## Required action
Isolate every line in the records below with "unfolding" in it.

## Extracted data entries
····················
lemma lyapunov_deriv_bound:
  assumes s: "s \<ge> 0"
  shows "2 * (q s \<bullet> q' s) + 2 * ((x s - q s) \<bullet> (u s - q' s))
      + (\<delta> / 100) * (2 * \<delta> * speed_sq s - window_energy s)
    \<le> - (a * m / 8) * ((norm (q s))^2 + (norm (x s - q s))^2 + (\<delta> / 100) * memory s)
        + lyapunov_forcing s"
proof -
  define w where "w = x s - q s"
  define \<Gamma> where "\<Gamma> = G (x (grid_floor \<delta> s))"
  define X where "X = norm (x s)"
  define Q where "Q = norm (q s)"
  define W where "W = norm w"
  define D where "D = norm (x s - x (grid_floor \<delta> s))"
  define E where "E = norm (e s)"
  define H where "H = norm (h s)"
  have drift: "a * (w \<bullet> \<Gamma>) - a * (q s \<bullet> \<Gamma>)
      \<le> a * (L + m) * R^2 + W^2 / 200 + D^2 / 500 - (a * m / 2) * X^2"
  proof (rule drift_terms_bound)
    show "Q \<le> X + W" unfolding Q_def X_def W_def w_def
        using norm_triangle_ineq4[of "x s" "x s - q s"] by simp
  qed (use inner_q_drift_lower[of s] inner_w_drift_upper[of s] in \<open>auto simp: X_def Q_def W_def
      D_def w_def \<Gamma>_def\<close>)
  have noise: "2 * (q s \<bullet> h s) \<le> (a * m / 2) * X^2 - (a * m / 8) * Q^2 + W^2 / 2000
      + (8 / (a * m)) * H^2"
  proof (rule q_noise_bound)
    show "q s \<bullet> h s \<le> Q * H" unfolding Q_def H_def by (rule norm_cauchy_schwarz)
    have "Q^2 \<le> (X + W)^2"
      unfolding Q_def X_def W_def w_def using norm_triangle_ineq4[of "x s" "x s - q s"]
          by (intro power_mono) auto
    then show "Q^2 \<le> 2 * X^2 + 2 * W^2" using sum_squares_bound[of X W] by (simp add: power2_sum)
  qed
  have mem: "(\<delta> / 100) * (2 * \<delta> * speed_sq s - window_energy s)
      \<le> W^2 / 1000 + E^2 - D^2 / 200 - (a * m / 8) * ((\<delta> / 100) * memory s)"
    using memory_deriv_bound memory_nonneg[OF s] speed_sq_le[OF s] lag_square_le[OF s] memory_le[OF s]
    unfolding W_def w_def E_def D_def by blast
  have we: "2 * (w \<bullet> e s) \<le> W^2 + E^2" and wh: "- 2 * (w \<bullet> h s) \<le> W^2 + H^2"
    using norm_cauchy_schwarz[of w "e s"] norm_cauchy_schwarz[of w "- h s"]
      sum_squares_bound[of W E] sum_squares_bound[of W H] unfolding W_def E_def H_def by auto
  have "(a * m / 8) * W^2 \<le> (1 / 8000) * W^2"
    using a_m_le by (intro mult_right_mono) auto
  moreover have "- (a * m / 8) * (Q^2 + W^2 + (\<delta> / 100) * memory s) + lyapunov_forcing s
      = a * (L + m) * R^2 + (8 / (a * m)) * H^2 + H^2 + 2 * E^2
        - (a * m / 8) * Q^2 - (a * m / 8) * W^2 - (a * m / 8) * ((\<delta> / 100) * memory s)"
    unfolding lyapunov_forcing_def H_def E_def by (simp add: algebra_simps)
  ultimately show ?thesis
    unfolding lyapunov_deriv_expand[OF s]
    unfolding w_def[symmetric] \<Gamma>_def[symmetric] W_def[symmetric] Q_def[symmetric]
    using drift noise mem we wh zero_le_power2[of W] zero_le_power2[of D] by linarith
qed
(* Let $(K,D,v)$ be a VD-field such that $(K,v)$ is spherically complete and the residue field $Kv$ is linearly $D$-closed. Let $f\in\mathcal{O}[X_0,X_1,\dots,X_n]$ and assume there is $b\in\mathcal{O}$ such that $$\gamma:=\min_{0\le i\le n} v\frac{\partial f}{\partial X_i}(b,Db,\dots,D^nb)<\infty\quad\text{and}\quad vf(b,Db,\dots,D^nb)>2\gamma.$$ Then there is $a\in K$ such that $f(a,Da,\dots,D^na)=0$ and $v(a-b)>\gamma$.
   Context: $(K,v)$ is a valued field with valuation ring $\mathcal{O}=\{y:vy\ge0\}$, valuation ideal $\mathcal{M}=\{y:vy>0\}$, residue field $Kv=\mathcal{O}/\mathcal{M}$, value group $vK$. $(K,v)$ is spherically complete if the ultrametric space $(K,u)$ with $u(a,b)=v(a-b)$ is spherically complete, i.e. every family of balls $\{x: v(x-c)\ge\alpha\}$ (or unions of such with a common point) totally ordered by inclusion has non-empty intersection. A VD-field is a valued field $(K,v)$ with an additive map $D:K\to K$ such that: (VDF1) $vDa\ge va$ for all $a\in K$; (VDF2) $vK=\{va\mid a\in K,\ vDa>va\}$; (VDF3) there is $e\in\mathcal{O}$ with $D(ab)=aDb+bDa+e(Da)(Db)$ for all $a,b\in K$. By (VDF1), $D$ induces an additive map on $Kv$, again denoted $D$, with $D(av)=(Da)v$ for $a\in\mathcal{O}$. $D^i$ denotes the $i$-th iterate ($D^0=\mathrm{id}$). $Kv$ is linearly $D$-closed if every operator $\sum_{i=0}^n c_iD^i$ with $c_i\in Kv$ is surjective on $Kv$. *)

theory Defs
  imports Main "HOL-Library.Extended"
begin
(* Assume (h) and (R-q) with $q=4$, and fix $h\in(0,h_0]$. (i) Let $p\ge4$ and let $(R_t)_{t\in\pi_h}$ be an $(\mathcal F_t)$-adapted sequence in $L^p$ with $\sup_{t\in\pi_h}\|1_{\{t\le\tau_h\}}R_t\|_{L^p}<\infty$. Then the sequence $(1_{\{t\le\tau_h\}}R_t)_{t\in\pi_h}$ belongs to $\mathcal V(\tau_h)$ and has finite norm $\|\cdot\|_{\tau_h}$. (ii) Every $S\in\mathcal V(\tau_h)$ with $\|S\|_{\tau_h}<\infty$ satisfies $\big(\frac1{1-3L_fh}\big)^{t/h}1_{\{t\le\tau_h\}}S_t^2\to0$ in $L^1$ as $t\to\infty$, $t\in\pi_h$.
   Context: $(\Omega,\mathcal F,(\mathcal F_t)_{t\ge0},\mathbb P)$ is a filtered probability space whose filtration is generated by a $d$-dimensional Brownian motion, augmented by null sets. $\tau$ is a stopping time and $L_f>0$ a constant. For $h>0$, $\pi_h=\{nh:n\in\mathbb N_0\}$, and for each $h\in(0,h_0]$ a finite $\pi_h$-valued stopping time $\tau_h$ is given. $\mathcal V(\tau_h)$ is the set of sequences $(R_t)_{t\in\pi_h}$ with $R_t\in L^2(\mathcal F_t)$ and $1_{\{t>\tau_h\}}R_t=0$ for all $t\in\pi_h$, with $\|R\|_{\tau_h}=\sum_{t\in\pi_h}\varphi(t)\|1_{\{t\le\tau_h\}}R_t\|_{L^2}$, $\varphi(t)=(1-3L_fh)^{-t/h}$. Assumptions: (h) $h_0<\min\{L_f,\frac1{12L_f}\}$ and $h\in(0,h_0]$. (R-q) for a parameter $q\ge2$: there is $\rho>4qL_f$ with $\exp(\rho\tau)\in L^1$ and $\sup_{h\in(0,h_0]}\exp(\rho\tau_h)\in L^1$. *)

theory Defs
  imports "HOL-Probability.Probability"
begin
lemma image_mset_diff_of_balance:
  assumes "\<And>x. fl (fl x) = x" "Q + image_mset fl D = image_mset fl Q + D" "D \<subseteq># Q"
  shows "image_mset fl (Q - D) = Q - D"
proof (rule multiset_eqI)
  fix e
  have c1: "count Q e + count (image_mset fl D) e = count (image_mset fl Q) e + count D e"
    using assms(2) by (metis count_union)
  have c2: "count D e \<le> count Q e" using assms(3) by (simp add: subseteq_mset_def)
  have c3: "count (image_mset fl D) e \<le> count (image_mset fl Q) e"
    using image_mset_subseteq_mono[OF assms(3), of fl] by (simp add: subseteq_mset_def)
  show "count (image_mset fl (Q - D)) e = count (Q - D) e"
    using c1 c2 c3 image_mset_Diff[OF assms(3), of fl] by simp
qed

definition transpose_edge :: "nat \<Rightarrow> nat \<Rightarrow> nat set \<Rightarrow> nat set" where
  "transpose_edge \<alpha> \<beta> e = transpose \<alpha> \<beta> ` e"

definition crossing :: "nat \<Rightarrow> nat \<Rightarrow> nat set \<Rightarrow> bool" where
  "crossing \<alpha> \<beta> e \<longleftrightarrow> (\<alpha> \<in> e) \<noteq> (\<beta> \<in> e)"

lemma transpose_edge_pair [simp]: "transpose_edge \<alpha> \<beta> {a, b} = {transpose \<alpha> \<beta> a, transpose \<alpha> \<beta> b}"
  by (simp add: transpose_edge_def)

lemma transpose_edge_involutory [simp]: "transpose_edge \<alpha> \<beta> (transpose_edge \<alpha> \<beta> e) = e"
  by (simp add: transpose_edge_def image_image)

lemma crossing_transpose_edge_neq: "crossing \<alpha> \<beta> e \<Longrightarrow> transpose_edge \<alpha> \<beta> e \<noteq> e"
  by (auto simp: crossing_def transpose_edge_def transpose_def)

lemma crossing_transpose_edge [simp]: "crossing \<alpha> \<beta> (transpose_edge \<alpha> \<beta> e) = crossing \<alpha> \<beta> e"
  by (auto simp: crossing_def transpose_edge_def transpose_def split: if_splits)

lemma filter_crossing_image_transpose_edge:
  "filter_mset (crossing \<alpha> \<beta>) (image_mset (transpose_edge \<alpha> \<beta>) A)
    = image_mset (transpose_edge \<alpha> \<beta>) (filter_mset (crossing \<alpha> \<beta>) A)"
  by (induction A) auto

lemma filter_crossing_path_edges:
  "\<alpha> \<notin> set Q \<Longrightarrow> \<beta> \<notin> set Q \<Longrightarrow> filter_mset (crossing \<alpha> \<beta>) (path_edges Q) = {#}"
  by (auto simp: filter_mset_eq_conv crossing_def dest!: path_edges_subset)

lemma filter_crossing_cycle_edges:
  "\<alpha> \<notin> set Q \<Longrightarrow> \<beta> \<notin> set Q \<Longrightarrow> filter_mset (crossing \<alpha> \<beta>) (cycle_edges Q) = {#}"
  by (auto simp: filter_mset_eq_conv crossing_def dest!: cycle_edges_subset)

lemma filter_crossing_segment:
  assumes "{u, w} = {\<alpha>, \<beta>}" "\<alpha> \<noteq> \<beta>" "\<alpha> \<notin> set Q" "\<beta> \<notin> set Q"
  shows "filter_mset (crossing \<alpha> \<beta>) (path_edges (u # Q @ [w]))
    = (if Q = [] then {#} else {#{u, hd Q}, {last Q, w}#})"
proof (cases "Q = []")
  case True
  then show ?thesis using assms by (auto simp: crossing_def doubleton_eq_iff)
next
  case False
  have "hd Q \<in> set Q" "last Q \<in> set Q" using False by auto
  then show ?thesis using assms False
    by (auto simp: path_edges_Cons_snoc filter_crossing_path_edges crossing_def doubleton_eq_iff)
qed

lemma segment_rev_switch:
  assumes "{u, w} = {\<alpha>, \<beta>}" "\<alpha> \<noteq> \<beta>" "\<alpha> \<notin> set Q" "\<beta> \<notin> set Q" "Q \<noteq> []"
  shows "path_edges (u # rev Q @ [w]) + {#{u, hd Q}, {last Q, w}#}
       = path_edges (u # Q @ [w]) + {#transpose_edge \<alpha> \<beta> {u, hd Q}, transpose_edge \<alpha> \<beta> {last Q, w}#}"
proof -
  have "hd Q \<in> set Q" "last Q \<in> set Q" using assms(5) by auto
  then have "transpose \<alpha> \<beta> (hd Q) = hd Q" "transpose \<alpha> \<beta> (last Q) = last Q"
    using assms(3,4) by (metis transpose_apply_other)+
  moreover have "transpose \<alpha> \<beta> u = w" "transpose \<alpha> \<beta> w = u"
    using assms(1,2) by (auto simp: doubleton_eq_iff)
  moreover have "rev Q \<noteq> []" "hd (rev Q) = last Q" "last (rev Q) = hd Q"
    using assms(5) by (auto simp: hd_rev last_rev)
  ultimately show ?thesis using assms(5)
    by (simp add: path_edges_Cons_snoc path_edges_rev insert_commute add_mset_commute)
qed

lemma filter_crossing_cycle_Cons:
  assumes "\<gamma> \<in> {\<alpha>, \<beta>}" "\<alpha> \<noteq> \<beta>" "\<alpha> \<notin> set P" "\<beta> \<notin> set P" "P \<noteq> []"
  shows "filter_mset (crossing \<alpha> \<beta>) (cycle_edges (\<gamma> # P)) = {#{\<gamma>, hd P}, {last P, \<gamma>}#}"
proof -
  have "hd P \<in> set P" "last P \<in> set P" using assms by auto
  then show ?thesis using assms
    by (auto simp: cycle_edges_Cons path_edges_Cons_snoc filter_crossing_path_edges crossing_def)
qed

lemma cycle_Cons_switch:
  assumes "{\<gamma>, \<gamma>'} = {\<alpha>, \<beta>}" "\<alpha> \<noteq> \<beta>" "\<alpha> \<notin> set P" "\<beta> \<notin> set P" "P \<noteq> []"
  shows "cycle_edges (\<gamma>' # P) + {#{\<gamma>, hd P}, {last P, \<gamma>}#}
    = cycle_edges (\<gamma> # P) + {#transpose_edge \<alpha> \<beta> {\<gamma>, hd P}, transpose_edge \<alpha> \<beta> {last P, \<gamma>}#}"
proof -
  have "hd P \<in> set P" "last P \<in> set P" using assms by auto
  then have "transpose \<alpha> \<beta> (hd P) = hd P" "transpose \<alpha> \<beta> (last P) = last P"
    using assms(3,4) by (metis transpose_apply_other)+
  moreover have "transpose \<alpha> \<beta> \<gamma> = \<gamma>'" using assms(1,2) by (auto simp: doubleton_eq_iff)
  ultimately show ?thesis using assms(5)
    by (simp add: cycle_edges_Cons path_edges_Cons_snoc add_mset_commute)
qed

text \<open>The crossing edges of a cycle come in at most two pairs that can be switched independently.
A normalized cycle starts at $\alpha$ if it passes through $\alpha$, and at $\beta$ if it passes
through $\beta$ only. If it passes through both, it is $\alpha P_1 \beta P_2$; slots $0,1$ are the
end edges of the path $\alpha P_1 \beta$ and slots $2,3$ those of $\beta P_2 \alpha$, and switching
a pair reverses the corresponding $P_i$. If it passes through just one of them, slots $0,1$ are
the two edges there and switching replaces that vertex by the other one.\<close>

definition seg_before :: "nat \<Rightarrow> nat list \<Rightarrow> nat list" where
  "seg_before \<beta> P = takeWhile (\<lambda>z. z \<noteq> \<beta>) P"

definition seg_after :: "nat \<Rightarrow> nat list \<Rightarrow> nat list" where
  "seg_after \<beta> P = tl (dropWhile (\<lambda>z. z \<noteq> \<beta>) P)"

definition normalized :: "nat \<Rightarrow> nat \<Rightarrow> nat list \<Rightarrow> bool" where
  "normalized \<alpha> \<beta> c \<longleftrightarrow> c \<noteq> [] \<and> (hd c = \<alpha> \<or> (hd c = \<beta> \<and> \<alpha> \<notin> set c) \<or> (\<alpha> \<notin> set c \<and> \<beta> \<notin> set c))"

definition cycle_slots :: "nat \<Rightarrow> nat \<Rightarrow> nat list \<Rightarrow> nat set" where
  "cycle_slots \<alpha> \<beta> c = (if c \<noteq> [] \<and> hd c = \<alpha> then
      (if \<beta> \<in> set (tl c)
       then (if seg_before \<beta> (tl c) = [] then {} else {0,1}) \<union> (if seg_after \<beta> (tl c) = [] then {} else {2,3})
       else {0,1})
    else if c \<noteq> [] \<and> hd c = \<beta> \<and> \<alpha> \<notin> set c then {0,1} else {})"

definition cycle_slot_edge :: "nat \<Rightarrow> nat \<Rightarrow> nat list \<Rightarrow> nat \<Rightarrow> nat set" where
  "cycle_slot_edge \<alpha> \<beta> c t = (if hd c = \<alpha> \<and> \<beta> \<in> set (tl c) then
      (if t = 0 then {\<alpha>, hd (seg_before \<beta> (tl c))} else if t = 1 then {last (seg_before \<beta> (tl c)), \<beta>}
       else if t = 2 then {\<beta>, hd (seg_after \<beta> (tl c))} else {last (seg_after \<beta> (tl c)), \<alpha>})
    else (if t = 0 then {hd c, hd (tl c)} else {last (tl c), hd c}))"

definition switch_cycle :: "nat \<Rightarrow> nat \<Rightarrow> nat list \<Rightarrow> bool \<Rightarrow> bool \<Rightarrow> nat list" where
  "switch_cycle \<alpha> \<beta> c s1 s2 = (if c \<noteq> [] \<and> hd c = \<alpha> then
      (if \<beta> \<in> set (tl c)
       then \<alpha> # (if s1 then rev (seg_before \<beta> (tl c)) else seg_before \<beta> (tl c))
              @ \<beta> # (if s2 then rev (seg_after \<beta> (tl c)) else seg_after \<beta> (tl c))
       else (if s1 then \<beta> # tl c else c))
    else if c \<noteq> [] \<and> hd c = \<beta> \<and> \<alpha> \<notin> set c then (if s1 then \<alpha> # tl c else c) else c)"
····················
## Response to this task
    show "Q \<le> X + W" unfolding Q_def X_def W_def w_def
    show "q s \<bullet> h s \<le> Q * H" unfolding Q_def H_def by (rule norm_cauchy_schwarz)
      unfolding Q_def X_def W_def w_def using norm_triangle_ineq4[of "x s" "x s - q s"]
    unfolding W_def w_def E_def D_def by blast
      sum_squares_bound[of W E] sum_squares_bound[of W H] unfolding W_def E_def H_def by auto
    unfolding lyapunov_forcing_def H_def E_def by (simp add: algebra_simps)
    unfolding lyapunov_deriv_expand[OF s]
    unfolding w_def[symmetric] \<Gamma>_def[symmetric] W_def[symmetric] Q_def[symmetric]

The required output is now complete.